■ **PROBLEM TO SOLVE**
Locate every line in the material below that has the word "thesis". Copy each of those lines.
Start of DATA
lemma emeasure_ball_mult_radius:
  fixes x y :: "'a::euclidean_space"
  assumes "c \<ge> 0" "r \<ge> 0"
  shows "emeasure lborel (ball x (c * r)) = ennreal (c ^ DIM('a)) * emeasure lborel (ball y r)"
proof -
  have "emeasure lborel (ball x (c * r)) = ennreal (c ^ DIM('a) * (unit_ball_vol (real DIM('a)) * r ^ DIM('a)))"
    using assms by (simp add: emeasure_ball power_mult_distrib mult.left_commute)
  also have "\<dots> = ennreal (c ^ DIM('a)) * ennreal (unit_ball_vol (real DIM('a)) * r ^ DIM('a))"
    using assms by (intro ennreal_mult) auto
  finally show ?thesis
    using assms by (simp add: emeasure_ball)
qed

lemma disjoint_family_on_balls_lipschitz_preimages:
  assumes lip: "L-lipschitz_on B f" and "L > 0"
    and g: "\<And>p. p \<in> P \<Longrightarrow> g p \<in> B \<and> f (g p) = p"
    and sep: "\<And>p q. p \<in> P \<Longrightarrow> q \<in> P \<Longrightarrow> p \<noteq> q \<Longrightarrow> e \<le> dist p q"
  shows "disjoint_family_on (\<lambda>p. ball (g p) (e / (2 * L))) P"
  unfolding disjoint_family_on_def
proof (intro ballI impI)
  fix p q assume pq: "p \<in> P" "q \<in> P" "p \<noteq> q"
  let ?r = "e / (2 * L)"
  show "ball (g p) ?r \<inter> ball (g q) ?r = {}"
  proof (rule ccontr)
    assume "ball (g p) ?r \<inter> ball (g q) ?r \<noteq> {}"
    then obtain z where "dist (g p) z < ?r" "dist (g q) z < ?r"
      by auto
    then have "dist (g p) (g q) < 2 * ?r"
      using dist_triangle3[of "g p" "g q" z] by (simp add: dist_commute)
    have "dist p q = dist (f (g p)) (f (g q))"
      using g pq(1,2) by simp
    also have "\<dots> \<le> L * dist (g p) (g q)"
      using g pq(1,2) by (intro lipschitz_onD[OF lip]) auto
    also have "\<dots> < L * (2 * ?r)"
      using \<open>dist (g p) (g q) < 2 * ?r\<close> \<open>L > 0\<close> by (rule mult_strict_left_mono)
    also have "\<dots> = e"
      using \<open>L > 0\<close> by simp
    finally show False
      using sep[OF pq] by simp
  qed
qed

lemma emeasure_eps_nbhd_lipschitz_image_le:
  fixes f :: "'a::euclidean_space \<Rightarrow> 'a"
  assumes lip: "L-lipschitz_on B f" and "L > 0" "bounded (f ` B)" "e > 0"
  shows "emeasure lborel (eps_nbhd (f ` B) e)
     \<le> ennreal ((4 * L) ^ DIM('a)) * emeasure lborel (eps_nbhd B (e / (2 * L)))"
proof -
  define r where "r = e / (2 * L)"
  have "r > 0" "2 * e = 4 * L * r"
    using assms by (simp_all add: r_def)
  obtain P where "P \<subseteq> f ` B" "finite P"
    and sep: "\<And>p q. p \<in> P \<Longrightarrow> q \<in> P \<Longrightarrow> p \<noteq> q \<Longrightarrow> e \<le> dist p q"
    and net: "f ` B \<subseteq> (\<Union>p\<in>P. ball p e)"
    using bounded_separated_net[OF assms(3,4)] by blast
  have "\<forall>p\<in>P. \<exists>b. b \<in> B \<and> f b = p"
    using \<open>P \<subseteq> f ` B\<close> by blast
  then obtain g where g: "\<And>p. p \<in> P \<Longrightarrow> g p \<in> B \<and> f (g p) = p"
    by (metis bchoice)
  have "emeasure lborel (eps_nbhd (f ` B) e) \<le> emeasure lborel (\<Union>p\<in>P. ball p (2 * e))"
    using eps_nbhd_subset_UN_ball[OF net] by (rule emeasure_mono) (auto intro: borel_open)
  also have "\<dots> \<le> (\<Sum>p\<in>P. emeasure lborel (ball p (2 * e)))"
    using \<open>finite P\<close> by (intro emeasure_subadditive_finite) auto
  also have "\<dots> = ennreal ((4 * L) ^ DIM('a)) * (\<Sum>p\<in>P. emeasure lborel (ball (g p) r))"
    unfolding sum_distrib_left \<open>2 * e = 4 * L * r\<close>
    using \<open>L > 0\<close> \<open>r > 0\<close> by (intro sum.cong refl emeasure_ball_mult_radius) auto
  also have "(\<Sum>p\<in>P. emeasure lborel (ball (g p) r)) = emeasure lborel (\<Union>p\<in>P. ball (g p) r)"
    using disjoint_family_on_balls_lipschitz_preimages[OF lip \<open>L > 0\<close> g sep] \<open>finite P\<close>
    unfolding r_def by (intro sum_emeasure) auto
  also have "\<dots> \<le> emeasure lborel (eps_nbhd B r)"
    using g unfolding eps_nbhd_def by (intro emeasure_mono) (auto intro: borel_open)
  finally show ?thesis
    by (simp add: r_def mult_left_mono)
qed

lemma bounded_eps_nbhd:
  assumes "bounded X"
  shows "bounded (eps_nbhd X e)"
proof -
  obtain c r where "X \<subseteq> cball c r"
    using assms bounded_subset_cball by blast
  have "eps_nbhd X e \<subseteq> cball c (r + \<bar>e\<bar>)"
  proof
    fix z assume "z \<in> eps_nbhd X e"
    then obtain x where "x \<in> X" "dist x z < e"
      unfolding eps_nbhd_def by auto
    moreover have "dist c z \<le> dist c x + dist x z"
      by (rule dist_triangle)
    ultimately show "z \<in> cball c (r + \<bar>e\<bar>)"
      using \<open>X \<subseteq> cball c r\<close> by force
  qed
  then show ?thesis
    using bounded_subset by blast
qed

lemma emeasure_eps_nbhd_eq_measure:
  fixes X :: "'a::euclidean_space set"
  assumes "bounded X"
  shows "emeasure lborel (eps_nbhd X e) = ennreal (measure lborel (eps_nbhd X e))"
  using emeasure_bounded_finite[OF bounded_eps_nbhd[OF assms]]
  by (intro emeasure_eq_ennreal_measure) (simp add: less_top)

text \<open>Real-valued form of the ratio in the Minkowski contents; since \<open>measure\<close> is \<open>0\<close> on sets of
  infinite measure, it agrees with that ratio only for bounded sets.\<close>
definition minkowski_ratio :: "real \<Rightarrow> 'a::euclidean_space set \<Rightarrow> real \<Rightarrow> real" where
  "minkowski_ratio s X e = measure lborel (eps_nbhd X e) / e powr (real DIM('a) - s)"

lemma minkowski_content_eq_ratio_limits:
  fixes X :: "'a::euclidean_space set"
  assumes "bounded X"
  shows "upper_minkowski_content s X = Limsup (at_right 0) (\<lambda>e. ereal (minkowski_ratio s X e))"
    and "lower_minkowski_content s X = Liminf (at_right 0) (\<lambda>e. ereal (minkowski_ratio s X e))"
proof -
  have "eventually (\<lambda>e. enn2ereal (emeasure lborel (eps_nbhd X e)) / ereal (e powr (real DIM('a) - s))
      = ereal (minkowski_ratio s X e)) (at_right (0::real))"
    using eventually_at_right_less[of 0] by (rule eventually_mono)
      (simp add: minkowski_ratio_def emeasure_eps_nbhd_eq_measure[OF assms] enn2ereal_ennreal)
  then show "upper_minkowski_content s X = Limsup (at_right 0) (\<lambda>e. ereal (minkowski_ratio s X e))"
    and "lower_minkowski_content s X = Liminf (at_right 0) (\<lambda>e. ereal (minkowski_ratio s X e))"
    unfolding upper_minkowski_content_def lower_minkowski_content_def
    by (simp_all add: Limsup_eq Liminf_eq)
qed

lemma minkowski_ratio_le_rescaled:
  fixes B C :: "'a::euclidean_space set"
  assumes "bounded B" "bounded C" "K \<ge> 0" "M > 0" "e > 0"
    and le: "emeasure lborel (eps_nbhd C e) \<le> ennreal K * emeasure lborel (eps_nbhd B (e / M))"
  shows "minkowski_ratio s C e \<le> K / M powr (real DIM('a) - s) * minkowski_ratio s B (e / M)"
proof -
  let ?a = "real DIM('a) - s"
  have "ennreal (measure lborel (eps_nbhd C e)) \<le> ennreal K * ennreal (measure lborel (eps_nbhd B (e / M)))"
    using le by (simp add: emeasure_eps_nbhd_eq_measure assms(1,2))
  then have "ennreal (measure lborel (eps_nbhd C e)) \<le> ennreal (K * measure lborel (eps_nbhd B (e / M)))"
    using \<open>K \<ge> 0\<close> by (simp add: ennreal_mult)
  then have "measure lborel (eps_nbhd C e) \<le> K * measure lborel (eps_nbhd B (e / M))"
    using \<open>K \<ge> 0\<close> by (simp add: ennreal_le_iff)
  then have "minkowski_ratio s C e \<le> K * measure lborel (eps_nbhd B (e / M)) / e powr ?a"
    unfolding minkowski_ratio_def by (simp add: divide_right_mono)
  also have "\<dots> = K / M powr ?a * minkowski_ratio s B (e / M)"
    using \<open>e > 0\<close> \<open>M > 0\<close> by (simp add: minkowski_ratio_def powr_divide field_simps)
  finally show ?thesis .
qed

lemma Limsup_Liminf_at_right_0_rescale:
  fixes g :: "real \<Rightarrow> 'a::complete_lattice"
  assumes "M > 0"
  shows "Limsup (at_right 0) (\<lambda>e. g (e / M)) = Limsup (at_right 0) g"
    and "Liminf (at_right 0) (\<lambda>e. g (e / M)) = Liminf (at_right 0) g"
proof -
  have "inj (\<lambda>e::real. e / M)"
    using assms by (auto intro: injI)
  moreover have "filtermap (\<lambda>e. e / M) (at_right 0) = at_right (0::real)"
    using filtermap_times_pos_at_right[of "inverse M" 0] assms
    by (simp add: divide_inverse_commute)
  ultimately show "Limsup (at_right 0) (\<lambda>e. g (e / M)) = Limsup (at_right 0) g"
    and "Liminf (at_right 0) (\<lambda>e. g (e / M)) = Liminf (at_right 0) g"
    using Limsup_filtermap_eq[of "\<lambda>e. e / M" "at_right 0" g] Liminf_filtermap_eq[of "\<lambda>e. e / M" "at_right 0" g]
    by simp_all
qed

lemma minkowski_content_zero_transfer:
  fixes B C :: "'a::euclidean_space set"
  assumes "bounded B" "bounded C" "K \<ge> 0" "M > 0"
    and le: "\<And>e. e > 0 \<Longrightarrow> emeasure lborel (eps_nbhd C e) \<le> ennreal K * emeasure lborel (eps_nbhd B (e / M))"
  shows "upper_minkowski_content s B = 0 \<Longrightarrow> upper_minkowski_content s C = 0"
    and "lower_minkowski_content s B = 0 \<Longrightarrow> lower_minkowski_content s C = 0"
proof -
  define K' where "K' = K / M powr (real DIM('a) - s)"
  have "K' \<ge> 0"
    using assms by (simp add: K'_def)
  have le_ev: "eventually (\<lambda>e. ereal (minkowski_ratio s C e) \<le> ereal K' * ereal (minkowski_ratio s B (e / M)))
      (at_right 0)"
    using eventually_at_right_less[of 0]
    by (rule eventually_mono) (use minkowski_ratio_le_rescaled[OF assms(1-4) _ le] in \<open>simp add: K'_def\<close>)
  have nonneg: "eventually (\<lambda>e. 0 \<le> ereal (minkowski_ratio s C e)) (at_right 0)"
    by (simp add: minkowski_ratio_def)
  show "upper_minkowski_content s C = 0" if "upper_minkowski_content s B = 0"
  proof -
    have "Limsup (at_right 0) (\<lambda>e. ereal (minkowski_ratio s C e))
        \<le> Limsup (at_right 0) (\<lambda>e. ereal K' * ereal (minkowski_ratio s B (e / M)))"
      by (rule Limsup_mono[OF le_ev])
    also have "\<dots> = ereal K' * Limsup (at_right 0) (\<lambda>e. ereal (minkowski_ratio s B (e / M)))"
      using \<open>K' \<ge> 0\<close> by (intro Limsup_ereal_mult_left) simp_all
    also have "\<dots> = 0"
      using that Limsup_Liminf_at_right_0_rescale(1)[OF \<open>M > 0\<close>, of "\<lambda>e. ereal (minkowski_ratio s B e)"]
      by (simp add: minkowski_content_eq_ratio_limits[OF \<open>bounded B\<close>])
    finally have "Limsup (at_right 0) (\<lambda>e. ereal (minkowski_ratio s C e)) \<le> 0" .
    moreover have "0 \<le> Limsup (at_right 0) (\<lambda>e. ereal (minkowski_ratio s C e))"
      using order_trans[OF Liminf_bounded[OF nonneg] Liminf_le_Limsup] by simp
    ultimately show ?thesis
      by (simp add: minkowski_content_eq_ratio_limits[OF \<open>bounded C\<close>])
  qed
  show "lower_minkowski_content s C = 0" if "lower_minkowski_content s B = 0"
  proof -
    have "Liminf (at_right 0) (\<lambda>e. ereal (minkowski_ratio s C e))
        \<le> Liminf (at_right 0) (\<lambda>e. ereal K' * ereal (minkowski_ratio s B (e / M)))"
      by (rule Liminf_mono[OF le_ev])
    also have "\<dots> = ereal K' * Liminf (at_right 0) (\<lambda>e. ereal (minkowski_ratio s B (e / M)))"
      using \<open>K' \<ge> 0\<close> by (intro Liminf_ereal_mult_left) simp_all
    also have "\<dots> = 0"
      using that Limsup_Liminf_at_right_0_rescale(2)[OF \<open>M > 0\<close>, of "\<lambda>e. ereal (minkowski_ratio s B e)"]
      by (simp add: minkowski_content_eq_ratio_limits[OF \<open>bounded B\<close>])
    finally have "Liminf (at_right 0) (\<lambda>e. ereal (minkowski_ratio s C e)) \<le> 0" .
    with Liminf_bounded[OF nonneg] show ?thesis
      by (simp add: minkowski_content_eq_ratio_limits[OF \<open>bounded C\<close>])
  qed
qed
End of DATA
■ **THE ANSWER**
  finally show ?thesis
  finally show ?thesis
  then show ?thesis
  finally show ?thesis .
    ultimately show ?thesis
    with Liminf_bounded[OF nonneg] show ?thesis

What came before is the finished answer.